Saved entries
definition free_prod_incl :: "'a monoid \<Rightarrow> 'a \<Rightarrow> ('a + nat) list" where
  "free_prod_incl G g = (if g = \<one>\<^bsub>G\<^esub> then [] else [Inl g])"

definition inv_letter :: "'a monoid \<Rightarrow> 'a + nat \<Rightarrow> 'a + nat" where
  "inv_letter G x = (case x of Inl g \<Rightarrow> Inl (inv\<^bsub>G\<^esub> g) | Inr k \<Rightarrow> Inr k)"

lemma compatible_sym: "compatible x y = compatible y x"
  by (cases x; cases y) auto

lemma compatible_Inl_iff [simp]:
  "compatible (Inl g) y \<longleftrightarrow> \<not> isl y" "compatible y (Inl g) \<longleftrightarrow> \<not> isl y"
  by (cases y; simp)+

lemma compatible_Inr_iff [simp]:
  "compatible (Inr k) y \<longleftrightarrow> y \<noteq> Inr k" "compatible y (Inr k) \<longleftrightarrow> y \<noteq> Inr k"
  by (cases y; auto)+

lemma normal_form_Nil [simp]: "normal_form G m []"
  by (simp add: normal_form_def)

lemma normal_form_Cons:
  "normal_form G m (x # w) \<longleftrightarrow>
    nf_letter G m x \<and> normal_form G m w \<and> (w = [] \<or> compatible x (hd w))"
  by (auto simp: normal_form_def successively_Cons)

lemma nf_mult_simps [simp]: "nf_mult G [] = id" "nf_mult G (x # u) = lmult_letter G x \<circ> nf_mult G u"
  by (simp_all add: nf_mult_def)

lemma nf_mult_append [simp]: "nf_mult G (u @ v) = nf_mult G u \<circ> nf_mult G v"
  by (induction u) auto

lemma nf_letter_is_letter: "nf_letter G m x \<Longrightarrow> is_letter G m x"
  by (simp add: nf_letter_def)

context
  fixes G :: "'a monoid" (structure)
  assumes group_G: "group G"
begin

interpretation group G by (fact group_G)
lemma sum_le_card_mult_bound_imp_eq:
  fixes f :: "'b \<Rightarrow> nat"
  assumes "finite S" and le: "\<And>y. y \<in> S \<Longrightarrow> f y \<le> b" and "card S \<le> k"
    and "k * b \<le> sum f S" and "b > 0"
  shows "card S = k" and "y \<in> S \<Longrightarrow> f y = b"
proof -
  have "sum f S \<le> card S * b"
    using sum_bounded_above[of S f b] le by simp
  then have "k * b \<le> card S * b"
    using assms(4) by linarith
  then show "card S = k"
    using assms(3,5) by simp
  then have "sum f S = sum (\<lambda>_. b) S"
    using assms(4) \<open>sum f S \<le> card S * b\<close> by simp
  then show "f y = b" if "y \<in> S"
    using sum_mono_inv[of f S "\<lambda>_. b"] le that \<open>finite S\<close> by blast
qed

lemma card_roots_le_of_coeff:
  fixes p :: "'a::idom poly"
  assumes "coeff p n \<noteq> 0" and "degree p \<le> n"
  shows "card {x. poly p x = 0} \<le> n"
proof -
  have "p \<noteq> 0" and "degree p = n"
    using assms le_degree by fastforce+
  then show ?thesis
    using card_poly_roots_bound by metis
qed

lemma card_power_eq_le:
  assumes "n > 0"
  shows "card {x::'a::idom. x ^ n = y} \<le> n"
proof -
  have "card {x. poly (monom 1 n - monom y 0) x = (0::'a)} \<le> n"
  proof (rule card_roots_le_of_coeff)
    show "coeff (monom 1 n - monom y 0) n \<noteq> 0"
      using assms by simp
    show "degree (monom 1 n - monom y 0) \<le> n"
      by (intro degree_diff_le order_trans[OF degree_monom_le]) simp_all
  qed
  then show ?thesis
    by (simp add: poly_monom)
qed

lemma card_subF_le:
  assumes "k > 0"
  shows "card (subF k :: 'a::field set) \<le> 3 ^ k"
proof -
  have "card {x. poly (monom 1 (3 ^ k) - monom 1 1) x = (0::'a)} \<le> 3 ^ k"
  proof (rule card_roots_le_of_coeff)
    show "coeff (monom 1 (3 ^ k) - monom 1 1) (3 ^ k) \<noteq> (0::'a)"
      using assms one_less_power[of "3::nat" k] by simp
    show "degree (monom 1 (3 ^ k) - monom (1::'a) 1) \<le> 3 ^ k"
      by (rule degree_diff_le) (auto simp: degree_monom_eq)
  qed
  then show ?thesis
    by (simp add: subF_def poly_monom)
qed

**AIM OF THE TASK:**
The reply must present every entry, transcribed with its exact wording.

**EXERCISE SOLUTION:**
definition free_prod_incl :: "'a monoid \<Rightarrow> 'a \<Rightarrow> ('a + nat) list" where
  "free_prod_incl G g = (if g = \<one>\<^bsub>G\<^esub> then [] else [Inl g])"

definition inv_letter :: "'a monoid \<Rightarrow> 'a + nat \<Rightarrow> 'a + nat" where
  "inv_letter G x = (case x of Inl g \<Rightarrow> Inl (inv\<^bsub>G\<^esub> g) | Inr k \<Rightarrow> Inr k)"

lemma compatible_sym: "compatible x y = compatible y x"
  by (cases x; cases y) auto

lemma compatible_Inl_iff [simp]:
  "compatible (Inl g) y \<longleftrightarrow> \<not> isl y" "compatible y (Inl g) \<longleftrightarrow> \<not> isl y"
  by (cases y; simp)+

lemma compatible_Inr_iff [simp]:
  "compatible (Inr k) y \<longleftrightarrow> y \<noteq> Inr k" "compatible y (Inr k) \<longleftrightarrow> y \<noteq> Inr k"
  by (cases y; auto)+

lemma normal_form_Nil [simp]: "normal_form G m []"
  by (simp add: normal_form_def)

lemma normal_form_Cons:
  "normal_form G m (x # w) \<longleftrightarrow>
    nf_letter G m x \<and> normal_form G m w \<and> (w = [] \<or> compatible x (hd w))"
  by (auto simp: normal_form_def successively_Cons)

lemma nf_mult_simps [simp]: "nf_mult G [] = id" "nf_mult G (x # u) = lmult_letter G x \<circ> nf_mult G u"
  by (simp_all add: nf_mult_def)

lemma nf_mult_append [simp]: "nf_mult G (u @ v) = nf_mult G u \<circ> nf_mult G v"
  by (induction u) auto

lemma nf_letter_is_letter: "nf_letter G m x \<Longrightarrow> is_letter G m x"
  by (simp add: nf_letter_def)

context
  fixes G :: "'a monoid" (structure)
  assumes group_G: "group G"
begin

interpretation group G by (fact group_G)
lemma sum_le_card_mult_bound_imp_eq:
  fixes f :: "'b \<Rightarrow> nat"
  assumes "finite S" and le: "\<And>y. y \<in> S \<Longrightarrow> f y \<le> b" and "card S \<le> k"
    and "k * b \<le> sum f S" and "b > 0"
  shows "card S = k" and "y \<in> S \<Longrightarrow> f y = b"
proof -
  have "sum f S \<le> card S * b"
    using sum_bounded_above[of S f b] le by simp
  then have "k * b \<le> card S * b"
    using assms(4) by linarith
  then show "card S = k"
    using assms(3,5) by simp
  then have "sum f S = sum (\<lambda>_. b) S"
    using assms(4) \<open>sum f S \<le> card S * b\<close> by simp
  then show "f y = b" if "y \<in> S"
    using sum_mono_inv[of f S "\<lambda>_. b"] le that \<open>finite S\<close> by blast
qed

lemma card_roots_le_of_coeff:
  fixes p :: "'a::idom poly"
  assumes "coeff p n \<noteq> 0" and "degree p \<le> n"
  shows "card {x. poly p x = 0} \<le> n"
proof -
  have "p \<noteq> 0" and "degree p = n"
    using assms le_degree by fastforce+
  then show ?thesis
    using card_poly_roots_bound by metis
qed

lemma card_power_eq_le:
  assumes "n > 0"
  shows "card {x::'a::idom. x ^ n = y} \<le> n"
proof -
  have "card {x. poly (monom 1 n - monom y 0) x = (0::'a)} \<le> n"
  proof (rule card_roots_le_of_coeff)
    show "coeff (monom 1 n - monom y 0) n \<noteq> 0"
      using assms by simp
    show "degree (monom 1 n - monom y 0) \<le> n"
      by (intro degree_diff_le order_trans[OF degree_monom_le]) simp_all
  qed
  then show ?thesis
    by (simp add: poly_monom)
qed

lemma card_subF_le:
  assumes "k > 0"
  shows "card (subF k :: 'a::field set) \<le> 3 ^ k"
proof -
  have "card {x. poly (monom 1 (3 ^ k) - monom 1 1) x = (0::'a)} \<le> 3 ^ k"
  proof (rule card_roots_le_of_coeff)
    show "coeff (monom 1 (3 ^ k) - monom 1 1) (3 ^ k) \<noteq> (0::'a)"
      using assms one_less_power[of "3::nat" k] by simp
    show "degree (monom 1 (3 ^ k) - monom (1::'a) 1) \<le> 3 ^ k"
      by (rule degree_diff_le) (auto simp: degree_monom_eq)
  qed
  then show ?thesis
    by (simp add: subF_def poly_monom)
qed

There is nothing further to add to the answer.